原文「郷原」の「原」は「愿」に同じ。「愿」は謹厚を意味する。ここでは、周囲の人々に調子を合せ、批難をうけないように細心の注意を払つている人。日本の田舎でも、人格者などといわれている人の中に、こうした種類の人がよくあるものである。

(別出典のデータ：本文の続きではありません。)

(* Fix integers $k\ge 1$ and $\beta_0\in\mathbb{R}$. Let $R_0$ be a random $k\times 2$ matrix with $vec(R_0)\sim N\big(vec(\mu a_\Delta'),\ \Omega_0\otimes\Phi\big)$, where $a_\Delta=(\Delta,1)'$, $\Delta\in\mathbb{R}$, $\mu\in\mathbb{R}^k$, $\Omega_0$ is a $2\times 2$ positive definite matrix and $\Phi$ is a $k\times k$ positive definite matrix. The matrices $\Omega_0,\Phi$ are known but not fixed: the data are $(R_0,\Omega_0,\Phi)$ and the parameters are $(\Delta,\mu,\Omega_0,\Phi)$. Let the group $\mathcal{G}_L(k)$ of invertible $k\times k$ matrices act on the sample space by $g_1\circ(R_0,\Omega_0,\Phi)=(g_1R_0,\ \Omega_0,\ g_1\Phi g_1')$ and on the parameter space by $g_1\circ(\Delta,\mu,\Omega_0,\Phi)=(\Delta,\ g_1\mu,\ \Omega_0,\ g_1\Phi g_1')$. Define $$S=\Phi^{-1/2}R_0e_1\,(e_1'\Omega_0e_1)^{-1/2},\qquad T=\Phi^{-1/2}R_0\Omega_0^{-1}e_2\,(e_2'\Omega_0^{-1}e_2)^{-1/2},$$ where $e_1=(1,0)'$, $e_2=(0,1)'$, and $Q=[S:T]'[S:T]$. Define also $\lambda=\mu'\Phi^{-1}\mu$, $c=\Delta\,(e_1'\Omega_0e_1)^{-1/2}$ and $d=a_\Delta'\Omega_0^{-1}e_2\,(e_2'\Omega_0^{-1}e_2)^{-1/2}$. Then: (i) a maximal invariant in the sample space under this group action is $(Q,\Omega_0)$; and (ii) a maximal invariant in the parameter space is $(c^2\lambda,\ cd\lambda,\ d^2\lambda,\ \Omega_0)$.
   Context: Origin of the setting: in the IV model with reduced form $R=\mu a'+\widetilde V$, $a=(\beta,1)'$, $vec(\widetilde V)\sim N(0,\Omega\otimes\Phi)$, one sets $B_0=\begin{pmatrix}1&0\\-\beta_0&1\end{pmatrix}$, $R_0=RB_0$, $\Omega_0=B_0'\Omega B_0$, $\Delta=\beta-\beta_0$; then $S$ and $T$ above coincide with $\Phi^{-1/2}Rb_0(b_0'\Omega b_0)^{-1/2}$ and $\Phi^{-1/2}R\Omega^{-1}a_0(a_0'\Omega^{-1}a_0)^{-1/2}$ with $b_0=(1,-\beta_0)'$, $a_0=(\beta_0,1)'$, and $c,d$ are the constants with $E[S]=c\,\Phi^{-1/2}\mu$, $E[T]=d\,\Phi^{-1/2}\mu$. $\Phi^{-1/2}$ denotes the symmetric positive definite inverse square root. A maximal invariant is an invariant function such that equal values imply the arguments lie in the same group orbit. *)

theory Defs
  imports "HOL-Analysis.Analysis"
begin

definition pos_def_mat :: "real^'n^'n \<Rightarrow> bool" where
  "pos_def_mat A \<longleftrightarrow> transpose A = A \<and> (\<forall>x. x \<noteq> 0 \<longrightarrow> x \<bullet> (A *v x) > 0)"

definition inv_sqrt_mat :: "real^'n^'n \<Rightarrow> real^'n^'n" where
  "inv_sqrt_mat A = (THE M. pos_def_mat M \<and> M ** M = matrix_inv A)"

definition maximal_invariant ::
  "'g set \<Rightarrow> ('g \<Rightarrow> 'x \<Rightarrow> 'x) \<Rightarrow> 'x set \<Rightarrow> ('x \<Rightarrow> 'y) \<Rightarrow> bool" where
  "maximal_invariant G act X f \<longleftrightarrow>
     (\<forall>g\<in>G. \<forall>x\<in>X. f (act g x) = f x) \<and>
     (\<forall>x\<in>X. \<forall>y\<in>X. f x = f y \<longrightarrow> (\<exists>g\<in>G. y = act g x))"

definition e1 :: "real^2" where "e1 = vector [1, 0]"
definition e2 :: "real^2" where "e2 = vector [0, 1]"

definition sample_space :: "((real^2^'k) \<times> (real^2^2) \<times> (real^'k^'k)) set" where
  "sample_space = {(R0, \<Omega>0, \<Phi>). pos_def_mat \<Omega>0 \<and> pos_def_mat \<Phi>}"

definition sample_act :: "real^'k^'k \<Rightarrow> (real^2^'k) \<times> (real^2^2) \<times> (real^'k^'k)
    \<Rightarrow> (real^2^'k) \<times> (real^2^2) \<times> (real^'k^'k)" where
  "sample_act g1 x = (case x of (R0, \<Omega>0, \<Phi>) \<Rightarrow> (g1 ** R0, \<Omega>0, g1 ** \<Phi> ** transpose g1))"

definition S_stat :: "real^2^'k \<Rightarrow> real^2^2 \<Rightarrow> real^'k^'k \<Rightarrow> real^'k" where
  "S_stat R0 \<Omega>0 \<Phi> = (1 / sqrt (e1 \<bullet> (\<Omega>0 *v e1))) *\<^sub>R (inv_sqrt_mat \<Phi> *v (R0 *v e1))"

definition T_stat :: "real^2^'k \<Rightarrow> real^2^2 \<Rightarrow> real^'k^'k \<Rightarrow> real^'k" where
  "T_stat R0 \<Omega>0 \<Phi> = (1 / sqrt (e2 \<bullet> (matrix_inv \<Omega>0 *v e2))) *\<^sub>R
      (inv_sqrt_mat \<Phi> *v (R0 *v (matrix_inv \<Omega>0 *v e2)))"

definition Q_stat :: "real^2^'k \<Rightarrow> real^2^2 \<Rightarrow> real^'k^'k \<Rightarrow> real^2^2" where
  "Q_stat R0 \<Omega>0 \<Phi> =
     (let ST = (\<chi> i. vector [S_stat R0 \<Omega>0 \<Phi> $ i, T_stat R0 \<Omega>0 \<Phi> $ i]) :: real^2^'k
      in transpose ST ** ST)"

definition param_act :: "real^'k^'k \<Rightarrow> real \<times> (real^'k) \<times> (real^2^2) \<times> (real^'k^'k)
    \<Rightarrow> real \<times> (real^'k) \<times> (real^2^2) \<times> (real^'k^'k)" where
  "param_act g1 p = (case p of (\<Delta>, \<mu>, \<Omega>0, \<Phi>) \<Rightarrow>
      (\<Delta>, g1 *v \<mu>, \<Omega>0, g1 ** \<Phi> ** transpose g1))"

definition lambda_par :: "real^'k \<Rightarrow> real^'k^'k \<Rightarrow> real" where
  "lambda_par \<mu> \<Phi> = \<mu> \<bullet> (matrix_inv \<Phi> *v \<mu>)"

definition c_par :: "real \<Rightarrow> real^2^2 \<Rightarrow> real" where
  "c_par \<Delta> \<Omega>0 = \<Delta> / sqrt (e1 \<bullet> (\<Omega>0 *v e1))"

definition d_par :: "real \<Rightarrow> real^2^2 \<Rightarrow> real" where
  "d_par \<Delta> \<Omega>0 = (vector [\<Delta>, 1] \<bullet> (matrix_inv \<Omega>0 *v e2)) / sqrt (e2 \<bullet> (matrix_inv \<Omega>0 *v e2))"

end

theory Submission
  imports Defs
begin

text \<open>Both parts rest on one classification. If the Gram matrix of \<open>x\<^sub>1, x\<^sub>2\<close> in the inner
product of \<open>\<Phi>\<inverse>\<close> equals that of \<open>y\<^sub>1, y\<^sub>2\<close> in the inner product of \<open>\<Phi>'\<inverse>\<close>, then some invertible
\<open>g\<close> has \<open>g x\<^sub>i = y\<^sub>i\<close> and \<open>g \<Phi> g' = \<Phi>'\<close>: after whitening both sides with the inverse square
roots the Gram condition is Euclidean, and is met by an orthogonal map (a rotation followed by a
reflection).

\<open>Q\<close> is the Gram matrix of \<open>R\<^sub>0\<close> applied to two fixed directions spanning \<open>\<real>\<^sup>2\<close>, so equal \<open>Q\<close>
gives \<open>g R\<^sub>0 = R\<^sub>0'\<close>. In the parameter space the Gram matrix of \<open>\<mu>\<close> is \<open>\<lambda>\<close>, and
\<open>(c\<^sup>2\<lambda>, cd\<lambda>, d\<^sup>2\<lambda>)\<close> determines \<open>\<Delta>\<close> and \<open>\<lambda>\<close>: \<open>c\<close> is linear and \<open>d\<close> is affine in \<open>\<Delta>\<close> with a
positive intercept, which rules out the sign ambiguity in recovering \<open>(c\<surd>\<lambda>, d\<surd>\<lambda>)\<close>.

The inverse square root is well defined by the spectral theorem, proved by maximizing the
Rayleigh quotient on invariant subspaces.\<close>

section \<open>Matrix inverses and positive definite matrices\<close>

lemma matrix_inv_right:
  fixes A :: "'a::field^'n^'n"
  assumes "invertible A"
  shows "A ** matrix_inv A = mat 1"
  using someI_ex[OF assms[unfolded invertible_def]] by (simp add: matrix_inv_def)

lemma matrix_inv_left:
  fixes A :: "'a::field^'n^'n"
  assumes "invertible A"
  shows "matrix_inv A ** A = mat 1"
  using matrix_inv_right[OF assms] matrix_left_right_inverse by blast

lemma matrix_inv_unique:
  fixes A B :: "'a::field^'n^'n"
  assumes "A ** B = mat 1"
  shows "matrix_inv A = B"
proof -
  have "invertible A" using assms invertible_right_inverse by blast
  have "matrix_inv A = matrix_inv A ** (A ** B)" using assms by simp
  also have "\<dots> = (matrix_inv A ** A) ** B" by (simp add: matrix_mul_assoc)
  finally show ?thesis by (simp add: matrix_inv_left \<open>invertible A\<close>)
qed

lemma invertible_matrix_inv:
  fixes A :: "'a::field^'n^'n"
  assumes "invertible A"
  shows "invertible (matrix_inv A)"
  using matrix_inv_left[OF assms] invertible_right_inverse by blast

lemma inner_matrix_vector_transpose:
  fixes A :: "real^'n^'m"
  shows "(A *v x) \<bullet> y = x \<bullet> (transpose A *v y)"
  by (metis dot_lmul_matrix inner_commute transpose_matrix_vector)

lemma inner_matrix_vector_symmetric:
  fixes A :: "real^'n^'n"
  assumes "transpose A = A"
  shows "x \<bullet> (A *v y) = (A *v x) \<bullet> y"
  by (metis assms inner_matrix_vector_transpose)

lemma pos_def_mat_symmetric: "pos_def_mat A \<Longrightarrow> transpose A = A"
  by (simp add: pos_def_mat_def)

lemma pos_def_mat_invertible:
  fixes A :: "real^'n^'n"
  assumes "pos_def_mat A"
  shows "invertible A"
proof -
  have "x = 0" if "A *v x = 0" for x
    using assms that unfolding pos_def_mat_def by force
  then show ?thesis using matrix_left_invertible_ker invertible_left_inverse by blast
qed

lemma pos_def_mat_matrix_inv:
  fixes A :: "real^'n^'n"
  assumes "pos_def_mat A"
  shows "pos_def_mat (matrix_inv A)"
proof -
  have inv: "invertible A" using assms by (rule pos_def_mat_invertible)
  have "transpose (matrix_inv A) ** A = transpose (A ** matrix_inv A)"
    using pos_def_mat_symmetric[OF assms] by (metis matrix_transpose_mul)
  then have "transpose (matrix_inv A) ** A = mat 1"
    by (simp add: matrix_inv_right[OF inv])
  then have sym: "transpose (matrix_inv A) = matrix_inv A"
    by (metis matrix_inv_unique matrix_left_right_inverse)
  have "0 < x \<bullet> (matrix_inv A *v x)" if "x \<noteq> 0" for x
  proof -
    define y where "y = matrix_inv A *v x"
    have "A *v y = x"
      by (simp add: y_def matrix_vector_mul_assoc matrix_inv_right[OF inv])
    then have "y \<noteq> 0" and "x \<bullet> (matrix_inv A *v x) = y \<bullet> (A *v y)"
      using that by (auto simp: y_def inner_commute)
    then show ?thesis using assms unfolding pos_def_mat_def by simp
  qed
  then show ?thesis using sym unfolding pos_def_mat_def by blast
qed

lemma pos_def_mat_congruence:
  fixes \<Phi> g :: "real^'n^'n"
  assumes "pos_def_mat \<Phi>" and "invertible g"
  shows "pos_def_mat (g ** \<Phi> ** transpose g)"
  unfolding pos_def_mat_def
proof (intro conjI allI impI)
  show "transpose (g ** \<Phi> ** transpose g) = g ** \<Phi> ** transpose g"
    using pos_def_mat_symmetric[OF assms(1)] by (simp add: matrix_transpose_mul matrix_mul_assoc)
  fix x :: "real^'n" assume "x \<noteq> 0"
  moreover have "invertible (transpose g)"
    using assms(2) by (simp add: transpose_invertible)
  ultimately have "transpose g *v x \<noteq> 0"
    by (metis inj_matrix_vector_mult matrix_vector_mult_0_right injD)
  then have "0 < (transpose g *v x) \<bullet> (\<Phi> *v (transpose g *v x))"
    using assms(1) pos_def_mat_def by blast
  also have "\<dots> = x \<bullet> ((g ** \<Phi> ** transpose g) *v x)"
    by (simp add: inner_matrix_vector_transpose matrix_vector_mul_assoc matrix_mul_assoc
        del: transpose_matrix_vector)
  finally show "0 < x \<bullet> ((g ** \<Phi> ** transpose g) *v x)" .
qed
lemma round_vec_split:
  fixes x :: "real^'n::finite"
  assumes bij: "bij_betw ord UNIV {0..<CARD('n)}" and "frac_prefix_sums ord x - {0} \<noteq> {}"
  obtains h1 h2 \<theta> where "admissible_rounding h1" "admissible_rounding h2" "0 \<le> \<theta>" "\<theta> \<le> 1"
    "x = \<theta> *\<^sub>R round_vec ord h1 x + (1 - \<theta>) *\<^sub>R round_vec ord h2 x"
    "card (frac_prefix_sums ord (round_vec ord h1 x) - {0}) < card (frac_prefix_sums ord x - {0})"
    "card (frac_prefix_sums ord (round_vec ord h2 x) - {0}) < card (frac_prefix_sums ord x - {0})"
proof -
  let ?F = "frac_prefix_sums ord x"
  have fin: "finite ?F" by (simp add: frac_prefix_sums_def)
  have F01: "u \<in> ?F \<Longrightarrow> 0 \<le> u \<and> u < 1" for u by (auto simp: frac_prefix_sums_def frac_lt_1)
  have "0 \<in> ?F" unfolding frac_prefix_sums_def by (rule image_eqI[of _ _ 0]) auto
  define t where "t = Max (?F - {0})"
  have t: "t \<in> ?F - {0}" "\<And>u. u \<in> ?F - {0} \<Longrightarrow> u \<le> t"
    using fin assms(2) Max_in[of "?F - {0}"] unfolding t_def by auto
  define t' where "t' = Max (?F - {t})"
  have "?F - {t} \<noteq> {}" using \<open>0 \<in> ?F\<close> t(1) by blast
  then have t': "t' \<in> ?F - {t}" "\<And>u. u \<in> ?F - {t} \<Longrightarrow> u \<le> t'"
    using fin Max_in[of "?F - {t}"] unfolding t'_def by auto
  have "0 \<le> t'" "t < 1" using F01 t(1) t'(1) by auto
  have "t' < t"
  proof (cases "t' = 0")
    case True
    then show ?thesis using F01 t(1) by force
  next
    case False
    then show ?thesis using t(2)[of t'] t'(1) by auto
  qed
  have F_cases: "u \<in> ?F \<Longrightarrow> u \<le> t' \<or> u = t" for u using t'(2) by blast
  define h1 where "h1 = (\<lambda>u::real. if t' < u then t' else u)"
  define h2 where "h2 = (\<lambda>u::real. if t' < u then 1 else u)"
  have h: "admissible_rounding h1" "admissible_rounding h2"
    using \<open>0 \<le> t'\<close> \<open>t' < t\<close> \<open>t < 1\<close> by (auto simp: admissible_rounding_def h1_def h2_def)
  define \<theta> where "\<theta> = (1 - t) / (1 - t')"
  have "0 \<le> \<theta>" "\<theta> \<le> 1" using \<open>0 \<le> t'\<close> \<open>t' < t\<close> \<open>t < 1\<close> by (auto simp: \<theta>_def field_simps)
  have comb: "\<theta> * round_frac h1 (prefix_sum ord x p) + (1 - \<theta>) * round_frac h2 (prefix_sum ord x p)
      = prefix_sum ord x p" if "p \<le> CARD('n)" for p
    unfolding h1_def h2_def \<theta>_def using \<open>0 \<le> t'\<close> \<open>t' < t\<close> \<open>t < 1\<close> F_cases that
    by (intro round_frac_convex_combination) (auto simp: frac_prefix_sums_def)
  have "ord j < CARD('n)" "inj ord" for j using bij by (auto simp: bij_betw_def)
  then have x: "x = \<theta> *\<^sub>R round_vec ord h1 x + (1 - \<theta>) *\<^sub>R round_vec ord h2 x"
    using comb vec_nth_eq_prefix_sum_diff[of ord x]
    by (simp add: vec_eq_iff round_vec_def algebra_simps Suc_leI less_imp_le)
  have fewer: "card (frac_prefix_sums ord (round_vec ord h x) - {0}) < card (?F - {0})"
    if "admissible_rounding h" and "\<And>u. u \<in> ?F \<Longrightarrow> h u = 1 \<or> h u \<in> ?F - {t}" for h
  proof -
    have "frac_prefix_sums ord (round_vec ord h x) - {0} \<subseteq> ?F - {0} - {t}"
      using that(2) \<open>0 \<in> ?F\<close> t by (auto simp: frac_prefix_sums_round_vec[OF bij that(1)])
    then show ?thesis using fin t(1) by (meson card_Diff1_less card_mono finite_Diff order_le_less_trans)
  qed
  have "h1 u = 1 \<or> h1 u \<in> ?F - {t}" "h2 u = 1 \<or> h2 u \<in> ?F - {t}" if "u \<in> ?F" for u
    using F_cases[OF that] t'(1) \<open>t' < t\<close> that by (auto simp: h1_def h2_def)
  then show ?thesis using that h \<open>0 \<le> \<theta>\<close> \<open>\<theta> \<le> 1\<close> x fewer by blast
qed

lemma Qbeta_subset_Qint_hull:
  fixes A :: "real^'n::finite^'m"
  assumes bij: "bij_betw ord UNIV {0..<CARD('n)}" and "circular ord A" and "\<forall>i. b $ i \<in> \<int>"
  shows "Qbeta (real \<beta>) A b \<subseteq> Qint_hull A b"
proof
  fix x
  assume "x \<in> Qbeta (real \<beta>) A b"
  then show "x \<in> Qint_hull A b"
  proof (induction "card (frac_prefix_sums ord x - {0})" arbitrary: x rule: less_induct)
    case less
    show ?case
    proof (cases "frac_prefix_sums ord x - {0} = {}")
      case True
      then have "x \<in> Qpoly A b \<inter> {x. \<forall>j. x $ j \<in> \<int>}"
        using less.prems vec_integral_if_frac_prefix_sums_zero[OF bij]
        by (auto simp: Qbeta_def Qpoly_def)
      then show ?thesis unfolding Qint_hull_def by (rule hull_inc)
    next
      case False
      then obtain h1 h2 \<theta> where split: "admissible_rounding h1" "admissible_rounding h2"
        "0 \<le> \<theta>" "\<theta> \<le> 1" "x = \<theta> *\<^sub>R round_vec ord h1 x + (1 - \<theta>) *\<^sub>R round_vec ord h2 x"
        "card (frac_prefix_sums ord (round_vec ord h1 x) - {0}) < card (frac_prefix_sums ord x - {0})"
        "card (frac_prefix_sums ord (round_vec ord h2 x) - {0}) < card (frac_prefix_sums ord x - {0})"
        using round_vec_split[OF bij] by blast
      have "round_vec ord h1 x \<in> Qint_hull A b" "round_vec ord h2 x \<in> Qint_hull A b"
        using less.hyps split round_vec_in_Qbeta[OF assms _ less.prems] by blast+
      then have "\<theta> *\<^sub>R round_vec ord h1 x + (1 - \<theta>) *\<^sub>R round_vec ord h2 x \<in> Qint_hull A b"
        unfolding Qint_hull_def using split(3,4) by (intro convexD) auto
      with split(5) show ?thesis by simp
    qed
  qed
qed

theorem corollary3p2:
  fixes A :: "real^'n^'m" and b :: "real^'m" and ord :: "'n \<Rightarrow> nat"
  assumes "bij_betw ord UNIV {0..<CARD('n)}"
    and "circular ord A"
    and "\<forall>i. b $ i \<in> \<int> \<and> b $ i \<ge> 0"
  shows "Qint_hull A b = convex hull (\<Union>\<beta>::nat. Qbeta (real \<beta>) A b)"
proof
  have "Qpoly A b \<inter> {x. \<forall>j. x $ j \<in> \<int>} \<subseteq> (\<Union>\<beta>::nat. Qbeta (real \<beta>) A b)"
  proof
    fix x assume x: "x \<in> Qpoly A b \<inter> {x. \<forall>j. x $ j \<in> \<int>}"
    then have "(\<Sum>j\<in>UNIV. x $ j) \<in> \<int>" "0 \<le> (\<Sum>j\<in>UNIV. x $ j)"
      by (auto simp: Qpoly_def intro: Ints_sum sum_nonneg)
    then obtain \<beta> :: nat where "(\<Sum>j\<in>UNIV. x $ j) = real \<beta>"
      by (metis Ints_cases of_nat_nat zero_le_imp_eq_int of_int_of_nat_eq of_int_le_iff of_int_0)
    then show "x \<in> (\<Union>\<beta>::nat. Qbeta (real \<beta>) A b)" using x by (auto simp: Qbeta_def Qpoly_def)
  qed
  then show "Qint_hull A b \<subseteq> convex hull (\<Union>\<beta>::nat. Qbeta (real \<beta>) A b)"
    unfolding Qint_hull_def by (rule hull_mono)
  show "convex hull (\<Union>\<beta>::nat. Qbeta (real \<beta>) A b) \<subseteq> Qint_hull A b"
    using Qbeta_subset_Qint_hull[OF assms(1,2)] assms(3)
    by (intro hull_minimal) (auto simp: Qint_hull_def)
qed

end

いや田舎だけではない、行政官などの中にも、こうした意味での謹直型の人は決して少くはないだろう。「郷原は徳の賊なり」――この言葉は、日本の各方面にもつと広く流布されてもいい言葉ではあるまいか。
『学研漢和大字典』によると「原」は「愿」であるには違いないが、「愿」の語義は円満だが、きまじめでかたくなな心構えのことだという。しかしそうなると孟子の話と違う。世間に迎合するのが孟子の言う「郷原」だからだ。すると孟子の定義が間違っていることになる。
孔子が敢えて「愿人」と言わず「郷原」と言ったのは、田舎者の無知のニュアンスを多分に含んでいるだろう。入ってくる情報が少なければ、限られた範囲内で正しい、ということが通用するからだ。独裁国家で独裁者を賛美するのが最高の道徳として通用するのに似ている。